When most people think about machine learning, they picture the glamorous part: training a model. Feed in some data, press “train,” and voilà — predictions!
The truth? Model training is maybe 20% of the job. The other 80% is engineering: cleaning data, packaging models, deploying them into production, and making sure they don’t silently decay once real users start relying on them.
That’s why it’s better to think of ML not as a one-off experiment, but as an engineering workflow powered by four interconnected pipelines:
🔗 The Four Pillars of ML Systems
Let’s start with the big picture. At the highest level, every ML system is built on four pipelines:
These pipelines don’t operate in isolation. They form a loop.
🛠️ Zooming Into the Workflow
Now let’s open the box and see what happens inside each pipeline.
1. The Data Pipeline: Preparing the Ingredients
Think of the data pipeline like the kitchen prep station in a restaurant. Before the chef cooks, the vegetables must be washed, chopped, and portioned.
-
In ML, this means:
- Exploration & Validation → What do we have? Are there missing values, weird outliers, or broken labels?
- Wrangling (Cleaning) → Fix formatting, handle nulls, remove duplicates, normalize distributions.
- Data Versioning → Freeze this dataset, so we know exactly what went into training.
👉 Example

Imagine a chef trying to cook with unwashed spinach full of dirt, or flour that’s mixed with stones. The dish might still reach the table, but no one will enjoy it. In ML, the same happens if you skip cleaning and validating your data, you’re throwing raw, messy inputs into the model.
Without this prep, you’re throwing raw, unwashed ingredients into the pot. The outcome won’t be pretty.
2. The ML Pipeline: Cooking the Dish
Now that the data is prepped, it’s time to “cook” — this is the Machine Learning Pipeline.
-
Here’s what happens:
- Model Engineering → Feature engineering (like extracting “average delivery delay by city”), choosing algorithms, tuning hyperparameters.
- Model Evaluation → Check performance with the right metrics: F1 score, ROC-AUC, RMSE (depending on the problem).
- Model Packaging → Bundle the trained model, preprocessing steps, and metadata into a portable artifact (ONNX, Pickle, TorchScript).
👉 Example

A chef takes the prepped vegetables and decides how to cook them (sauté, grill, or steam).
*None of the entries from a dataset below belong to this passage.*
(* Consider the $K$-class system with joint distributions described in the context, with constants $M_R,L_R,L_P,L_Q>0$ and $\gamma\in[0,1)$. Let $\mathbf x_0^{\mathbf N}$ be initial states and $\boldsymbol\mu_0\in\mathcal P(\mathcal X\times[K])$ their empirical joint distribution. Define $C_R=M_R+L_R$, $C_P=2+KL_P$, $S_R=M_R(1+L_Q)+L_R(2+KL_Q)$, $S_P=(1+KL_Q)+KL_P(2+KL_Q)$. If $\gamma S_P<1$, then for every $\boldsymbol\pi\in\Pi$, $$\Big|v^{\mathbf N}(\mathbf x_0^{\mathbf N},\boldsymbol\pi)-v^{\mathrm{MF}}(\boldsymbol\mu_0,\boldsymbol\pi)\Big|\le\frac{C_R}{1-\gamma}\sqrt{|\mathcal X||\mathcal U|}\Big(\sum_{k}\frac1{\sqrt{N_k}}\Big)+C_P\Big(\frac{S_R}{S_P-1}\Big)\sqrt{|\mathcal X||\mathcal U|}\Big(\sum_k\frac1{\sqrt{N_k}}\Big)\Big[\frac1{1-\gamma S_P}-\frac1{1-\gamma}\Big].$$
   Context: Fix $K\ge1$, $N_1,\dots,N_K\ge1$, $[K]=\{1,\dots,K\}$, $N_{\mathrm{pop}}=\sum_kN_k$, finite sets $\mathcal X,\mathcal U$, $\mathcal P(A)$ the probability distributions on $A$, $|\cdot|_1$ the $L_1$ norm. Agent $j\in[N_k]$ of class $k$ has state $x_{j,k}^t$, action $u_{j,k}^t$; $\boldsymbol\mu_t^{\mathbf N}(x,k)=\frac1{N_{\mathrm{pop}}}\sum_{j=1}^{N_k}\mathbf 1(x_{j,k}^t=x)$, $\boldsymbol\nu_t^{\mathbf N}(u,k)=\frac1{N_{\mathrm{pop}}}\sum_{j=1}^{N_k}\mathbf 1(u_{j,k}^t=u)$. For each $k$: $r_k:\mathcal X\times\mathcal U\times\mathcal P(\mathcal X\times[K])\times\mathcal P(\mathcal U\times[K])\to\mathbb R$, $P_k:\mathcal X\times\mathcal U\times\mathcal P(\mathcal X\times[K])\times\mathcal P(\mathcal U\times[K])\to\mathcal P(\mathcal X)$ with $|r_k|\le M_R$, $|r_k(x,u,\boldsymbol\mu_1,\boldsymbol\nu_1)-r_k(x,u,\boldsymbol\mu_2,\boldsymbol\nu_2)|\le L_R(|\boldsymbol\mu_1-\boldsymbol\mu_2|_1+|\boldsymbol\nu_1-\boldsymbol\nu_2|_1)$, $|P_k(x,u,\boldsymbol\mu_1,\boldsymbol\nu_1)-P_k(x,u,\boldsymbol\mu_2,\boldsymbol\nu_2)|_1\le L_P(|\boldsymbol\mu_1-\boldsymbol\mu_2|_1+|\boldsymbol\nu_1-\boldsymbol\nu_2|_1)$. Policies $\boldsymbol\pi=\{\boldsymbol\pi_t\}_{t\ge0}$, $\boldsymbol\pi_t=(\pi_k^t)_k$, $\pi_k^t:\mathcal X\times\mathcal P(\mathcal X\times[K])\to\mathcal P(\mathcal U)$; $\Pi$ is the set of policies with $|\pi_k^t(x,\boldsymbol\mu_1)-\pi_k^t(x,\boldsymbol\mu_2)|_1\le L_Q|\boldsymbol\mu_1-\boldsymbol\mu_2|_1$. Dynamics: conditioned on all states, actions independent with $u_{j,k}^t\sim\pi_k^t(x_{j,k}^t,\boldsymbol\mu_t^{\mathbf N})$; conditioned on states and actions, next states independent with $x_{j,k}^{t+1}\sim P_k(x_{j,k}^t,u_{j,k}^t,\boldsymbol\mu_t^{\mathbf N},\boldsymbol\nu_t^{\mathbf N})$. $v^{\mathbf N}(\mathbf x_0^{\mathbf N},\boldsymbol\pi)=\frac1{N_{\mathrm{pop}}}\sum_k\sum_j\mathbb E[\sum_{t\ge0}\gamma^tr_k(x_{j,k}^t,u_{j,k}^t,\boldsymbol\mu_t^{\mathbf N},\boldsymbol\nu_t^{\mathbf N})]$. Mean-field: $\nu^{\mathrm{MF}}(\boldsymbol\mu,\boldsymbol\pi)(u,k)=\sum_x\pi_k(x,\boldsymbol\mu)(u)\boldsymbol\mu(x,k)$, $P^{\mathrm{MF}}(\boldsymbol\mu,\boldsymbol\pi)(x',k)=\sum_{x,u}\boldsymbol\mu(x,k)\pi_k(x,\boldsymbol\mu)(u)P_k(x,u,\boldsymbol\mu,\nu^{\mathrm{MF}}(\boldsymbol\mu,\boldsymbol\pi))(x')$, $r_k^{\mathrm{MF}}(\boldsymbol\mu,\boldsymbol\pi)=\sum_{x,u}\boldsymbol\mu(x,k)\pi_k(x,\boldsymbol\mu)(u)r_k(x,u,\boldsymbol\mu,\nu^{\mathrm{MF}}(\boldsymbol\mu,\boldsymbol\pi))$; with $\boldsymbol\mu_{t+1}=P^{\mathrm{MF}}(\boldsymbol\mu_t,\boldsymbol\pi_t)$, $v^{\mathrm{MF}}(\boldsymbol\mu_0,\boldsymbol\pi)=\sum_k\sum_{t\ge0}\gamma^tr_k^{\mathrm{MF}}(\boldsymbol\mu_t,\boldsymbol\pi_t)$. *)

theory Defs
  imports "HOL-Probability.Probability"
begin

text \<open>Classes are indexed by k in {1..K}; agent j of class k by the pair (k,j) with j in {1..N k}.\<close>

definition is_jdist :: "nat \<Rightarrow> ('a::finite \<Rightarrow> nat \<Rightarrow> real) \<Rightarrow> bool" where
  "is_jdist K m \<longleftrightarrow> (\<forall>a k. 0 \<le> m a k) \<and> (\<forall>a k. k \<notin> {1..K} \<longrightarrow> m a k = 0)
     \<and> (\<Sum>a\<in>UNIV. \<Sum>k\<in>{1..K}. m a k) = 1"

definition jL1 :: "nat \<Rightarrow> ('a::finite \<Rightarrow> nat \<Rightarrow> real) \<Rightarrow> ('a \<Rightarrow> nat \<Rightarrow> real) \<Rightarrow> real" where
  "jL1 K m1 m2 = (\<Sum>a\<in>UNIV. \<Sum>k\<in>{1..K}. \<bar>m1 a k - m2 a k\<bar>)"

definition pL1 :: "'a::finite pmf \<Rightarrow> 'a pmf \<Rightarrow> real" where
  "pL1 p q = (\<Sum>a\<in>UNIV. \<bar>pmf p a - pmf q a\<bar>)"

definition agents :: "nat \<Rightarrow> (nat \<Rightarrow> nat) \<Rightarrow> (nat \<times> nat) set" where
  "agents K N = {(k, j). k \<in> {1..K} \<and> j \<in> {1..N k}}"

definition Npop :: "nat \<Rightarrow> (nat \<Rightarrow> nat) \<Rightarrow> nat" where
  "Npop K N = (\<Sum>k\<in>{1..K}. N k)"

definition emp :: "nat \<Rightarrow> (nat \<Rightarrow> nat) \<Rightarrow> (nat \<times> nat \<Rightarrow> 'a) \<Rightarrow> 'a \<Rightarrow> nat \<Rightarrow> real" where
  "emp K N c a k = (if k \<in> {1..K}
      then (\<Sum>j\<in>{1..N k}. if c (k, j) = a then 1 else 0) / real (Npop K N) else 0)"

text \<open>Policies: pl t k x mu is the action distribution of class k at time t.\<close>
definition policy_class ::
  "nat \<Rightarrow> real \<Rightarrow> (nat \<Rightarrow> nat \<Rightarrow> 'x::finite \<Rightarrow> ('x \<Rightarrow> nat \<Rightarrow> real) \<Rightarrow> 'u::finite pmf) \<Rightarrow> bool" where
  "policy_class K LQ pl \<longleftrightarrow> (\<forall>t. \<forall>k\<in>{1..K}. \<forall>x m1 m2. is_jdist K m1 \<longrightarrow> is_jdist K m2 \<longrightarrow>
      pL1 (pl t k x m1) (pl t k x m2) \<le> LQ * jL1 K m1 m2)"

definition act_law ::
  "nat \<Rightarrow> (nat \<Rightarrow> nat) \<Rightarrow> (nat \<Rightarrow> nat \<Rightarrow> 'x::finite \<Rightarrow> ('x \<Rightarrow> nat \<Rightarrow> real) \<Rightarrow> 'u::finite pmf)
   \<Rightarrow> nat \<Rightarrow> (nat \<times> nat \<Rightarrow> 'x) \<Rightarrow> (nat \<times> nat \<Rightarrow> 'u) pmf" where
  "act_law K N pl t xs = Pi_pmf (agents K N) undefined
     (\<lambda>(k, j). pl t k (xs (k, j)) (emp K N xs))"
They adjust spices, taste the sauce, and refine until the flavor is right. That’s model training: trying algorithms, tuning hyperparameters, and testing performance until the “flavor profile” (accuracy, recall, F1, etc.) meets expectations.
This stage is flashy, but without solid data prep (the kitchen prep) or delivery (software pipeline), your dish never makes it to the customer.
3. The Software Pipeline: Serving the Meal
You can cook the best dish in the world, but if it never reaches the diner, it’s pointless. That’s where the Software/Code Pipeline comes in.
- Code Integration → Wrap the model in APIs or batch jobs.
- Build & Integration Testing → Verify everything works end-to-end in a staging environment.
- Deployment → Push it live into dev, staging, or production.
👉 Example

You could cook the best risotto in the world, but if it stays on the counter, the diner never eats it. The waiter (software pipeline) has to plate it, carry it without spilling, and deliver it hot. In ML, that means deploying your model behind an API or batch system so real users can “taste” the results.
This pipeline ensures your ML system isn’t just a Jupyter notebook but a reliable service.
4. The Monitoring Pipeline: Taste Test & Feedback Loop
Finally, we need the Monitoring Pipeline — the restaurant’s quality control. Dishes must not only taste good when the chef tries them once, but every time they’re served.
- Monitor performance → Has accuracy dropped? Is the data distribution shifting?
- Monitor system health → Latency, memory usage, uptime.
- Feedback loop → Feed new production data back into the data pipeline for retraining.
👉 Example

Diners might say the soup is too salty today, or that the steak was perfect yesterday but chewy today. That feedback goes back to the kitchen so the chef can adjust. In ML, monitoring catches when data drifts, performance drops, or latency spikes and that feedback loops into retraining with fresher data.
Without monitoring, your model will silently rot in production, like a dish sitting under the heat lamp until it’s inedible.
🎯 Conclusion: It’s About Systems, Not Just Models
Machine learning isn’t just about algorithms. It’s about systems engineering. The winners are those who master the full workflow: prepping data, training models, deploying them as reliable software, and continuously monitoring for drift.
If you only focus on the modeling stage, you’ll end up with a cool demo but a failed product.